■ **What this task involves**
Find the lines in the records below that contain "real", and report each of them.

(Stored data)
----

lemma walk_length_nonneg: "walk E ends u es w \<Longrightarrow> 0 \<le> sum_list (map len es)"
  by (induction rule: walk.induct) (auto intro: add_nonneg_nonneg less_imp_le len_pos)

lemma vdist_le_walk: "walk E ends u es w \<Longrightarrow> vd u w \<le> sum_list (map len es)"
  unfolding vdist_def
  by (rule cInf_lower) (auto intro!: bdd_belowI[where m = 0] walk_length_nonneg)

lemma vdist_ge:
  assumes "u \<in> V" "w \<in> V" "\<And>es. walk E ends u es w \<Longrightarrow> c \<le> sum_list (map len es)"
  shows "c \<le> vd u w"
  using walk_exists[OF assms(1,2)] unfolding vdist_def
  by (intro cInf_greatest) (auto intro: assms(3))

lemma vdist_nonneg: "u \<in> V \<Longrightarrow> w \<in> V \<Longrightarrow> 0 \<le> vd u w"
  by (rule vdist_ge) (auto intro: walk_length_nonneg)

lemma vdist_refl: "u \<in> V \<Longrightarrow> vd u u = 0"
  using vdist_le_walk[OF walk_Nil, of u] vdist_nonneg[of u u] by simp

lemma vdist_edge: "e \<in> E \<Longrightarrow> vd (fst (ends e)) (snd (ends e)) \<le> len e"
  using vdist_le_walk[OF walk_Cons[OF _ _ walk_Nil], of e "fst (ends e)" "snd (ends e)"] by simp

lemma exits_in_V: "x \<in> G \<Longrightarrow> (b, a) \<in> exits ends len x \<Longrightarrow> b \<in> V \<and> 0 \<le> a"
  by (cases x) (auto simp: ends_in_V)

text \<open>The cap 1 only matters at vertices without incident edges, where the minimum would be
  taken over the empty set.\<close>

fun local_radius :: "('v, 'e) gpoint \<Rightarrow> real" where
  "local_radius (Vert v) = Min (insert 1 ((\<lambda>e. len e / 2) ` incident E ends v))"
| "local_radius (EdgePt e t) = min t (len e - t)"

fun local_edges :: "('v, 'e) gpoint \<Rightarrow> 'e set" where
  "local_edges (Vert v) = incident E ends v"
| "local_edges (EdgePt e t) = {e}"

lemma local_radius_pos:
  assumes "g \<in> G" shows "0 < local_radius g"
proof (cases g)
  case (Vert v)
  then have "finite (incident E ends v)" using assms finite_incident by simp
  then show ?thesis
    unfolding Vert local_radius.simps using len_pos incident_subset by (subst Min_gr_iff) auto
qed (use assms in auto)

lemma local_radius_Vert_le: "v \<in> V \<Longrightarrow> e \<in> incident E ends v \<Longrightarrow> local_radius (Vert v) \<le> len e / 2"
  unfolding local_radius.simps by (rule Min_le) (auto simp: finite_incident)

lemma finite_local_edges: "g \<in> G \<Longrightarrow> finite (local_edges g)"
  by (cases g) (auto simp: finite_incident)

lemma local_edges_subset: "g \<in> G \<Longrightarrow> local_edges g \<subseteq> E"
  by (cases g) (auto simp: incident_subset)

lemma vdist_ge_local_radius:
  assumes "v \<in> V" "w \<in> V" "v \<noteq> w"
  shows "2 * local_radius (Vert v) \<le> vd v w"
proof (rule vdist_ge[OF assms(1,2)])
  fix es assume "walk E ends v es w"
  then obtain e es' w' where "es = e # es'" "e \<in> incident E ends v" "walk E ends w' es' w"
    using walk_first_edge assms(3) by metis
  then show "2 * local_radius (Vert v) \<le> sum_list (map len es)"
    using local_radius_Vert_le[OF assms(1)] walk_length_nonneg by fastforce
qed

lemma gdist_near_EdgePt:
  assumes "EdgePt e t \<in> G" "h \<in> G" "gd (EdgePt e t) h < local_radius (EdgePt e t)"
  obtains s where "h = EdgePt e s" "gd (EdgePt e t) h = \<bar>t - s\<bar>"
proof (cases rule: gdist_cases[of "EdgePt e t" h E ends len])
  case (2 b a c r)
  have "a = t \<or> a = len e - t" using 2(1) by auto
  moreover have "0 \<le> vd b c" "0 \<le> r"
    using exits_in_V[OF assms(1) 2(1)] exits_in_V[OF assms(2) 2(2)] vdist_nonneg by auto
  ultimately show thesis using 2(3) assms(3) by auto
qed (use that in auto)

lemma gdist_near_Vert:
  assumes "v \<in> V" "h \<in> G" "gd (Vert v) h < local_radius (Vert v)"
  shows "h = Vert v \<and> gd (Vert v) h = 0 \<or>
    (\<exists>e s. h = EdgePt e s \<and> e \<in> incident E ends v \<and>
       (fst (ends e) = v \<and> gd (Vert v) h = s \<or> snd (ends e) = v \<and> gd (Vert v) h = len e - s))"
proof (cases rule: gdist_cases[of "Vert v" h E ends len])
  case (2 b a c r)
  have ba: "b = v" "a = 0" using 2(1) by auto
  have c: "c \<in> V" "0 \<le> r" using exits_in_V[OF assms(2) 2(2)] by auto
  have "c = v"
  proof (rule ccontr)
    assume "c \<noteq> v"
    then have "2 * local_radius (Vert v) \<le> vd v c"
      using vdist_ge_local_radius assms(1) c(1) by blast
    then show False
      using 2(3) assms(3) ba c(2) local_radius_pos[of "Vert v"] assms(1) by auto
  qed
  then have r: "gd (Vert v) h = r" "(v, r) \<in> exits ends len h"
    using 2 ba vdist_refl[OF assms(1)] by auto
  show ?thesis
  proof (cases h)
    case (EdgePt e s)
    then have "e \<in> incident E ends v" using r(2) assms(2) unfolding incident_def by auto
    then show ?thesis using EdgePt r by auto
  qed (use r in auto)
qed auto

lemma near_point_cases:
  assumes "g \<in> G" "h \<in> G" "gd g h < local_radius g"
  shows "h = g \<or> (\<exists>e\<in>local_edges g. \<exists>s. h = EdgePt e s)"
proof (cases g)
  case (Vert v)
  then show ?thesis using gdist_near_Vert[of v h] assms by auto
next
  case (EdgePt e t)
  then show ?thesis using gdist_near_EdgePt[of e t h] assms by auto
qed

lemma finite_gdist_sphere:
  assumes "g \<in> G" "0 < r" "r < local_radius g"
  shows "finite {h \<in> G. gd g h = r}"
proof (cases g)
  case (Vert v)
  have "{h \<in> G. gd g h = r} \<subseteq>
      (\<lambda>e. EdgePt e r) ` incident E ends v \<union> (\<lambda>e. EdgePt e (len e - r)) ` incident E ends v"
    using gdist_near_Vert[of v] assms Vert by fastforce
  then show ?thesis by (rule finite_subset) (use finite_incident assms(1) Vert in simp)
next
  case (EdgePt e t)
  have "{h \<in> G. gd g h = r} \<subseteq> {EdgePt e (t - r), EdgePt e (t + r)}"
  proof
    fix h assume h: "h \<in> {h \<in> G. gd g h = r}"
    then obtain s where s: "h = EdgePt e s" "gd (EdgePt e t) h = \<bar>t - s\<bar>"
      using gdist_near_EdgePt[of e t h] assms EdgePt by auto
    then have "\<bar>t - s\<bar> = r" using h EdgePt by simp
    with s(1) show "h \<in> {EdgePt e (t - r), EdgePt e (t + r)}" by auto
  qed
  then show ?thesis by (rule finite_subset) simp
qed

definition edge_point :: "'e \<Rightarrow> real \<Rightarrow> ('v, 'e) gpoint" where
  "edge_point e s = (if s \<le> 0 then Vert (fst (ends e))
     else if len e \<le> s then Vert (snd (ends e)) else EdgePt e s)"

lemma edge_point_in_G: "e \<in> E \<Longrightarrow> edge_point e s \<in> G"
  by (simp add: edge_point_def ends_in_V)

lemma edge_point_EdgePt: "0 < s \<Longrightarrow> s < len e \<Longrightarrow> edge_point e s = EdgePt e s"
  by (simp add: edge_point_def)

----

■ **Exercise result**
fun local_radius :: "('v, 'e) gpoint \<Rightarrow> real" where
definition edge_point :: "'e \<Rightarrow> real \<Rightarrow> ('v, 'e) gpoint" where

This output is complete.